How to enable distributed tracing (Traceparent)?

Hi!

Im working for a big organisation where we barely even know what application talks to what application and in what order. Its many times not in a logical flow, more of a spiderweb.

And now we want to enable distributed tracing. I have read the guides but i practically dont know how to roll this out in the organisation? Do we have to know the flow or is it an easy way around this?

Im reading this guide.

Please advice here. Is it as simple as setting the traceparent on the first receiving node on all outgoing traffic we attach traceparent as metadata and all other systems read incoming traffic for a traceparent and relate their transactions to this parent? All subsystems are setup the same way?

When system B talks to system C (if we consider the scenario in the link) is the traceparent still there? Doesnt need to be set again?

And is any system between elastic for example application insights which is wc3 compliant ok to have in this flow as long as its setup for distributed tracing?

Nice to meet you urbanalho, thanks for your questions.

Before we get to your specific questions -- here's a few broad concepts.

By default, if you're using standard HTTP(S) based services in your organization Elastic's APM products will automatically inject and read the traceparent header for you. You don't need to do anything extra. Service A talks to Service B talks to Service C. As long as the services are HTTP based the header propagation will happen automatically.

The document you linked outlines a few exceptions that.

First -- if you want to trace requests starting from browser based ajax/XHR requests, then you'll need to take the additional steps outlined on that page related to the javascript RUM agent.

Second -- if you have specialized services that are NOT HTTP(s) based Elastic APM agents will not automatically create transaction or trace those nodes. In these cases your teams will need to manually instrument these services by starting and stopping transactions, which includes reading the traceparent headers. You can read about a specific example of this in the Distributed tracing and messaging queues docs.

With that context set ...

I have read the guides but i practically don't know how to roll this out in the organisation? Do we have to know the flow or is it an easy way around this?

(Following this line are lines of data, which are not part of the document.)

lemma smallo_n_ln_n_of_bounds:
  fixes f :: "nat \<Rightarrow> 'a::real_normed_field"
  assumes "\<And>eps. 0 < eps \<Longrightarrow> \<exists>K. \<forall>n. norm (f n) \<le> eps * (real n * ln (real n)) + K * real n"
  shows "f \<in> o(\<lambda>n. of_real (real n * ln (real n)))"
proof (rule landau_o.smallI)
  fix c :: real assume "0 < c"
  then obtain K where K: "\<And>n. norm (f n) \<le> c / 2 * (real n * ln (real n)) + K * real n"
    using assms[of "c / 2"] by auto
  have "filterlim (\<lambda>n. ln (real n)) at_top sequentially"
    by (rule filterlim_compose[OF ln_at_top filterlim_real_sequentially])
  then have "eventually (\<lambda>n. 2 * K / c \<le> ln (real n)) sequentially"
    by (simp add: filterlim_at_top)
  then show "eventually (\<lambda>n. norm (f n) \<le> c * norm (of_real (real n * ln (real n)) :: 'a)) sequentially"
  proof eventually_elim
    case (elim n)
    then have "K \<le> c / 2 * ln (real n)"
      using \<open>0 < c\<close> by (simp add: field_simps)
    then have "K * real n \<le> c / 2 * (real n * ln (real n))"
      using mult_right_mono[of K "c / 2 * ln (real n)" "real n"] by (simp add: mult_ac)
    moreover have "norm (of_real (real n * ln (real n)) :: 'a) = real n * ln (real n)"
      using ln_of_nat_nonneg[of n] by (simp only: norm_of_real) simp
    ultimately show ?case
      using K[of n] by simp
  qed
qed

theorem floor_sum_ln_smallo:
  fixes a :: "nat \<Rightarrow> 'a::real_normed_field"
  assumes "floor_sum a \<in> o(\<lambda>n. of_nat n)"
  shows "floor_sum_ln a \<in> o(\<lambda>n. of_real (real n * ln (real n)))"
proof (rule smallo_n_ln_n_of_bounds)
  fix eps :: real assume "0 < eps"
  then obtain K where "\<And>m. norm (floor_sum a m) \<le> eps / 2 * real m + K"
    using smallo_imp_affine_bound[OF assms, of "eps / 2"] by auto
  then have "norm (floor_sum_ln a n) \<le> eps * (real n * ln (real n)) + (eps / 2 + 6 * K) * real n" for n
    using norm_floor_sum_ln_le[of "eps / 2" a K n] \<open>0 < eps\<close> by simp
  then show "\<exists>K. \<forall>n. norm (floor_sum_ln a n) \<le> eps * (real n * ln (real n)) + K * real n"
    by blast
qed

theorem lemma4:
  fixes a :: "nat \<Rightarrow> complex" and C :: complex
  assumes "(\<lambda>n::nat. (\<Sum>k=1..n. a k * of_nat (n div k)) - C * of_nat n)
             \<in> o(\<lambda>n. of_nat n)"
  shows "(\<lambda>n::nat. \<Sum>k=1..n. a k * of_nat (n div k) * of_real (ln (real k)))
           \<in> o(\<lambda>n. of_real (real n * ln (real n)))"
proof -
  define b where "b k = a k - (if k = 1 then C else 0)" for k
  have "floor_sum b n = (\<Sum>k=1..n. a k * of_nat (n div k))
      - (\<Sum>k=1..n. if k = 1 then C * of_nat (n div k) else 0)" for n
    unfolding floor_sum_def b_def sum_subtractf[symmetric] by (intro sum.cong) (auto simp: algebra_simps)
  then have floor_sum_b: "floor_sum b = (\<lambda>n. (\<Sum>k=1..n. a k * of_nat (n div k)) - C * of_nat n)"
    by (intro ext) (simp add: sum.delta)
  have floor_sum_ln_b: "floor_sum_ln b = (\<lambda>n. \<Sum>k=1..n. a k * of_nat (n div k) * of_real (ln (real k)))"
    unfolding floor_sum_ln_def b_def by (intro ext sum.cong) auto
  from assms have "floor_sum b \<in> o(\<lambda>n. of_nat n)"
    unfolding floor_sum_b .
  then show ?thesis
    unfolding floor_sum_ln_b[symmetric] by (rule floor_sum_ln_smallo)
qed

end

You don't need to know the flow. You just need to identify your services.

Step one will be installing the agents into your services. This will get your 80% of the way there. For some customers this is all that's needed.

Step two will be identifying teams with services that aren't HTTP based and having them write startTransaction instrumentations snippets. This is often an ongoing process as you and your org decide which services need to be traced.

Step three is having your teams instrument new non-http services by default.

Is it as simple as setting the traceparent on the first receiving node on all outgoing traffic we attach traceparent as metadata and all other systems read incoming traffic for a traceparent and relate their transactions to this parent?

As mentioned Elastic handles setting the traceparent on the nodes for you with HTTP based services. If the service is not HTTP based you'll need to either set an initial traceparent, or read the existing traceparent.

All subsystems are setup the same way?

Yes. Either you do nothing (HTTP based services) or you have your service originate or read/pass-on on the traceparent.

When system B talks to system C (if we consider the scenario in the link) is the traceparent still there? Doesnt need to be set again?

If these services are HTTP based, you need to do nothing. If the services are not HTTP based, you will need to manually start a transaction. When you manually start a transaction you'll look for the trace parent header. If it's not there, you'll start a transaction without it (which will originate a new traceparent). If it is there, you'll start a transaction by passing that traceparent header in when you start the transaction.

And is any system between elastic for example application insights which is wc3 compliant ok to have in this flow as long as its setup for distributed tracing?

It should be? Although, to be honest the above statement is a little broad and I don't know that I understand it. What I can say is elastic's traceparent and tracestate headers implement the W3C standards for tracecontext.

Phew! I think that covers it. If there's still gaps in your understanding let us know and we'll do our best to get your sorted.

Thanks for really good answers. Wow. Thanks for time and effort, i buy you a beer or five if you come to gothenburg. 5 thumbs up!

This topic was automatically closed 20 days after the last reply. New replies are no longer allowed.